* Task to complete: Skip every line before the one containing "using that C fi_submodsD(2) by blast", then copy that line and the rest of the entries below exactly, through the last line.

Stored data entries
- - - - -

lemma fi_submods_carrier: "N \<in> fi_submods R M \<Longrightarrow> N \<subseteq> carrier M"
  using fi_submodsD(1) submodD(1) by blast

lemma fi_submodsI:
  "submod R M N \<Longrightarrow> (\<And>f x. f \<in> lhom R M M \<Longrightarrow> x \<in> N \<Longrightarrow> f x \<in> N) \<Longrightarrow> N \<in> fi_submods R M"
  by (auto simp: fi_submods_def)

lemma gen_submod_fi:
  assumes S: "S \<subseteq> carrier M" and inv: "\<And>f x. f \<in> lhom R M M \<Longrightarrow> x \<in> S \<Longrightarrow> f x \<in> S"
  shows "gen_submod R M S \<in> fi_submods R M"
proof (rule fi_submodsI[OF submod_gen_submod[OF S]])
  fix f x assume f: "f \<in> lhom R M M" and x: "x \<in> gen_submod R M S"
  have "gen_submod R M (f ` S) \<subseteq> gen_submod R M S"
    using inv[OF f] submod_gen_submod[OF S] gen_submod_upper[of S] by (intro gen_submod_least) auto
  then show "f x \<in> gen_submod R M S"
    using lhom_image_gen_submod[OF f S] x by auto
qed

lemma Union_chain_fi:
  assumes "C \<noteq> {}" and C: "C \<subseteq> fi_submods R M"
    and chain: "\<And>X Y. X \<in> C \<Longrightarrow> Y \<in> C \<Longrightarrow> X \<subseteq> Y \<or> Y \<subseteq> X"
  shows "\<Union>C \<in> fi_submods R M"
proof (rule fi_submodsI)
  have sub: "\<And>X. X \<in> C \<Longrightarrow> submod R M X"
    using C fi_submodsD(1) by blast
  have add: "x \<oplus>\<^bsub>M\<^esub> y \<in> \<Union>C" if "x \<in> X" "y \<in> Y" "X \<in> C" "Y \<in> C" for x y X Y
    using chain[of X Y] that submodD(3)[OF sub[of X]] submodD(3)[OF sub[of Y]] by blast
  show "submod R M (\<Union>C)"
    unfolding submod_def
  proof (intro conjI ballI)
    show "\<Union>C \<subseteq> carrier M"
      using sub submodD(1) by blast
    obtain X where "X \<in> C"
      using \<open>C \<noteq> {}\<close> by blast
    then show "\<zero>\<^bsub>M\<^esub> \<in> \<Union>C"
      using submodD(2)[OF sub] by blast
    show "x \<oplus>\<^bsub>M\<^esub> y \<in> \<Union>C" if "x \<in> \<Union>C" "y \<in> \<Union>C" for x y
      using that add by blast
    show "a \<odot>\<^bsub>M\<^esub> x \<in> \<Union>C" if "a \<in> carrier R" "x \<in> \<Union>C" for a x
      using that submodD(4)[OF sub] by blast
  qed
  show "f x \<in> \<Union>C" if "f \<in> lhom R M M" "x \<in> \<Union>C" for f x
    using that C fi_submodsD(2) by blast
qed
lemma glue_map_inner:
  assumes d: "is_repl X G I es Hs \<phi> \<psi>" and i: "i \<in> I" and w: "w \<in> gV (Hs i)"
    and compat: "map (\<beta> i) (gext (Hs i)) = map \<alpha> (fst (es i))"
  shows "glue_map G I Hs \<phi> \<psi> \<alpha> \<beta> (\<psi> i w) = \<beta> i w"
proof (cases "w \<in> set (gext (Hs i))")
  case True
  then obtain m where m: "m < length (gext (Hs i))" "w = gext (Hs i) ! m" by (metis in_set_conv_nth)
  note p = is_repl_ext_nth[OF d i m(1)]
  have "glue_map G I Hs \<phi> \<psi> \<alpha> \<beta> (\<psi> i w) = \<alpha> (fst (es i) ! m)"
    using m p glue_map_outer[OF d p(3)] by simp
  also have "\<dots> = \<beta> i w" using compat m p(2) by (metis nth_map)
  finally show ?thesis .
next
  case False
  then show ?thesis using glue_map_inner_node[OF d i] w by (simp add: inner_nodes_def)
qed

- - - - -

* Task response:
    using that C fi_submodsD(2) by blast
qed
lemma glue_map_inner:
  assumes d: "is_repl X G I es Hs \<phi> \<psi>" and i: "i \<in> I" and w: "w \<in> gV (Hs i)"
    and compat: "map (\<beta> i) (gext (Hs i)) = map \<alpha> (fst (es i))"
  shows "glue_map G I Hs \<phi> \<psi> \<alpha> \<beta> (\<psi> i w) = \<beta> i w"
proof (cases "w \<in> set (gext (Hs i))")
  case True
  then obtain m where m: "m < length (gext (Hs i))" "w = gext (Hs i) ! m" by (metis in_set_conv_nth)
  note p = is_repl_ext_nth[OF d i m(1)]
  have "glue_map G I Hs \<phi> \<psi> \<alpha> \<beta> (\<psi> i w) = \<alpha> (fst (es i) ! m)"
    using m p glue_map_outer[OF d p(3)] by simp
  also have "\<dots> = \<beta> i w" using compat m p(2) by (metis nth_map)
  finally show ?thesis .
next
  case False
  then show ?thesis using glue_map_inner_node[OF d i] w by (simp add: inner_nodes_def)
qed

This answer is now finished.